All I had heard about this movie is that it’s about a man who gets younger, rather than older. And that is an important part of the film…but it is far from the crux of the film. The film, at its true heart, is a love story, which is well-done, not contrived and very well plotted. This surprised me for several reasons. David Fincher is not exactly the “go to” guy for your Hollywood love story. He’s a action/thriller/gritty/dark director who’s films always have an edge. Here, I feel Fincher’s edge is the fantasy of the aging backwards gimmick, since the love story he creates is simple and gentle…a touching masterpiece of on-screen romance. This is the type of love story you would see with Tracy and Hepburn…magical and real. It reminded me a little of William Wyler’s Roman Holiday, which, like this film is known more for another aspect of the film (in Wyler’s case, his movie is known more for being a comedy) than for the more touching, more vivid true sentiment of the film. Fincher’s fantasy aspect adds emphasis to the love story, just like Wyler’s comic aspects of Roman Holiday accentuate the doomed relationship between Gregory Peck and Audrey Hepburn. In addition to this multi-layered story, the performances by Brad Pitt and Cate Blanchett have never been better…especially Pitt, who convinces us every step of the way that he really is a man who was born old and will die young.
A great movie that actually makes its audience think. I know — THE HORROR, THE HORROR. We have to THINK! A tough, hard film, Doubt is superbly acted and scripted. Why is it hard? Well, it deal with one of our most taboo subjects — priests and young boys and doing more than sipping the alter wine together. Meryl Streep places a nun running a school in the early 1960s. Philip Seymour Hoffman plays the attached church’s priest. There is some suspicion about him with the alter boys, but Streep doesn’t have any proof. She just has her doubts. I walked out of the theater thinking I had just seen a good movie and that would be the end of it…but it stuck with me. I couldn’t stop thinking about it. Did he or didn’t he? Did Streep’s nun do the right thing? What would have been a better solution? Etc… Sadly, most movies today don’t even make your brain click on. So, when one comes around where it keeps your thought processes going for days…it’s a keeper!
A fabulous, sweet romantic comedy that deal with father-daughter issues, aging issues, and later-in-life love issues.

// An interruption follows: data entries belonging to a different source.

lemma spec_norm_cscale: "spec_norm (cscale c A) \<le> cmod c * spec_norm A"
proof (rule spec_norm_le)
  fix x
  have "norm (cscale c A *v x) = cmod c * norm (A *v x)"
    by (simp add: cscale_matrix_vector_mult norm_cvec_scale)
  also have "\<dots> \<le> cmod c * (spec_norm A * norm x)"
    by (intro mult_left_mono norm_matrix_vector_mult_le) auto
  finally show "norm (cscale c A *v x) \<le> cmod c * spec_norm A * norm x"
    by (simp add: mult.assoc)
qed

lemma spec_norm_mpow: "spec_norm (mpow A k) \<le> spec_norm A ^ k"
proof (induction k)
  case 0
  show ?case
    by simp (rule spec_norm_le, simp)
next
  case (Suc k)
  have "spec_norm (mpow A (Suc k)) \<le> spec_norm A * spec_norm (mpow A k)"
    by (simp add: spec_norm_mult)
  also have "\<dots> \<le> spec_norm A * spec_norm A ^ k"
    by (intro mult_left_mono Suc spec_norm_nonneg)
  finally show ?case
    by simp
qed

lemma spec_norm_eigenbasis:
  fixes v :: "nat \<Rightarrow> complex^'n"
  assumes on: "orthonormal v CARD('n)" and ev: "\<And>i. i < CARD('n) \<Longrightarrow> M *v v i = z i *s v i"
    and zK: "\<And>i. i < CARD('n) \<Longrightarrow> cmod (z i) \<le> K" and K: "0 \<le> K"
  shows "spec_norm M \<le> K"
proof (rule spec_norm_le)
  fix x
  have "(norm (M *v x))\<^sup>2 = (\<Sum>i<CARD('n). (cmod (z i))\<^sup>2 * (cmod (cinner (v i) x))\<^sup>2)"
    by (simp add: parseval[OF on] cinner_eigenbasis_mult[OF on ev] norm_mult power_mult_distrib)
  also have "\<dots> \<le> (\<Sum>i<CARD('n). K\<^sup>2 * (cmod (cinner (v i) x))\<^sup>2)"
    by (intro sum_mono mult_right_mono power_mono zK) auto
  also have "\<dots> = (K * norm x)\<^sup>2"
    by (simp add: parseval[OF on] sum_distrib_left power_mult_distrib)
  finally show "norm (M *v x) \<le> K * norm x"
    using K by (meson mult_nonneg_nonneg norm_ge_zero power2_le_imp_le)
qed

lemma cmod_entry_le_spec_norm: "cmod ((A::complex^'n^'n) $ i $ j) \<le> spec_norm A"
proof -
  have "A $ i $ j = (A *v axis j (1::complex)) $ i"
    by (simp add: matrix_vector_mult_def axis_def if_distrib cong: if_cong)
  also have "cmod \<dots> \<le> norm (A *v axis j (1::complex))"
    by (rule Finite_Cartesian_Product.norm_nth_le)
  also have "\<dots> \<le> spec_norm A * norm (axis j (1::complex))"
    by (rule norm_matrix_vector_mult_le)
  also have "norm (axis j (1::complex)) = 1"
  proof -
    have "(\<Sum>i\<in>UNIV. (norm (axis j (1::complex) $ i))\<^sup>2) = (\<Sum>i\<in>UNIV. if i = j then 1 else 0)"
      by (rule sum.cong) (auto simp: axis_def)
    then show ?thesis
      unfolding norm_vec_def L2_set_def by simp
  qed
  finally show ?thesis
    by simp
qed
lemma partial_sums_Cons: "partial_sums (b # c) = insert 0 ((+) b ` partial_sums c)"
proof -
  have "{sum_list (take i (b # c)) | i. i \<le> length (b # c)}
      = insert 0 ((+) b ` {sum_list (take i c) | i. i \<le> length c})"
  proof (intro set_eqI iffI)
    fix x assume "x \<in> {sum_list (take i (b # c)) | i. i \<le> length (b # c)}"
    then obtain i where "x = sum_list (take i (b # c))" "i \<le> Suc (length c)" by auto
    then show "x \<in> insert 0 ((+) b ` {sum_list (take i c) | i. i \<le> length c})"
      by (cases i) auto
  next
    fix x assume "x \<in> insert 0 ((+) b ` {sum_list (take i c) | i. i \<le> length c})"
    then consider "x = 0" | i where "x = b + sum_list (take i c)" "i \<le> length c" by auto
    then show "x \<in> {sum_list (take i (b # c)) | i. i \<le> length (b # c)}"
      by cases (force intro: exI[of _ 0], force intro: exI[of _ "Suc i" for i])
  qed
  then show ?thesis by (simp only: partial_sums_def)
qed

lemma block_end_is_least:
  assumes "\<forall>x\<in>set c. 0 < x" "1 \<le> m" "m \<le> sum_list c"
  shows "block_end c m \<in> partial_sums c \<and> m \<le> block_end c m \<and>
    (\<forall>s\<in>partial_sums c. m \<le> s \<longrightarrow> block_end c m \<le> s)"
  using assms
proof (induction c arbitrary: m)
  case (Cons b c)
  have "0 \<in> partial_sums c" by (force simp: partial_sums_def)
  moreover have "block_end c (m - b) \<in> partial_sums c \<and> m - b \<le> block_end c (m - b) \<and>
      (\<forall>s\<in>partial_sums c. m - b \<le> s \<longrightarrow> block_end c (m - b) \<le> s)" if "\<not> m \<le> b"
    using Cons.prems that by (intro Cons.IH) auto
  ultimately show ?case
    using Cons.prems by (auto simp: partial_sums_Cons)
qed simp

lemma comp_p_eq_Suc_block_end:
  assumes "c \<in> compositions n" "1 \<le> m" "m \<le> n"
  shows "comp_p c m = Suc (block_end c m)"
proof -
  have "(LEAST s. s \<in> partial_sums c \<and> m \<le> s) = block_end c m"
    using block_end_is_least[of c m] assms
    by (intro Least_equality) (auto simp: compositions_def)
  then show ?thesis by (simp add: comp_p_def)
qed

lemma less_comp_p:
  assumes "c \<in> compositions n" "m \<in> {1..n}"
  shows "m < comp_p c m"
  using block_end_is_least[of c m] comp_p_eq_Suc_block_end[of c n m] assms
  by (simp add: compositions_def)

lemma composition_with_block:
  assumes "1 \<le> m" "m < p" "p \<le> Suc n"
  shows "\<exists>c\<in>compositions n. comp_p c m = p"
proof
  define c where "c = replicate (m - 1) 1 @ [p - m] @ replicate (Suc n - p) (1::nat)"
  show c: "c \<in> compositions n"
    using assms by (auto simp: c_def compositions_def sum_list_replicate)
  have "block_end c m = (m - 1) + block_end ([p - m] @ replicate (Suc n - p) 1) 1"
    using assms unfolding c_def by (subst block_end_replicate_append) auto
  then have "block_end c m = p - 1"
    using assms by simp
  then show "comp_p c m = p"
    using comp_p_eq_Suc_block_end[OF c, of m] assms by simp
qed

definition inc_head :: "nat list \<Rightarrow> nat list" where
  "inc_head c = (case c of [] \<Rightarrow> [] | b # r \<Rightarrow> Suc b # r)"

lemma compositions_Suc_0: "compositions (Suc 0) = {[1]}"
proof (intro set_eqI iffI)
  fix c assume "c \<in> compositions (Suc 0)"
  then show "c \<in> {[1]}"
    by (cases c; cases "tl c") (auto simp: compositions_def)
qed (auto simp: compositions_def)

Emma Thompson shines as a woman in the middle of her life…dealing with a possessive mother and friends who continually try and set her up with Mr. Right. She meets Dustin Hoffman, a man in the midst of life crisis, and they befriend each other. When the idea of the friendship becoming something more surfaces, both characters insecurities get in the way, at first. A sentimental and pure story of love and relationships and how even though something might not be perfect, it still might work.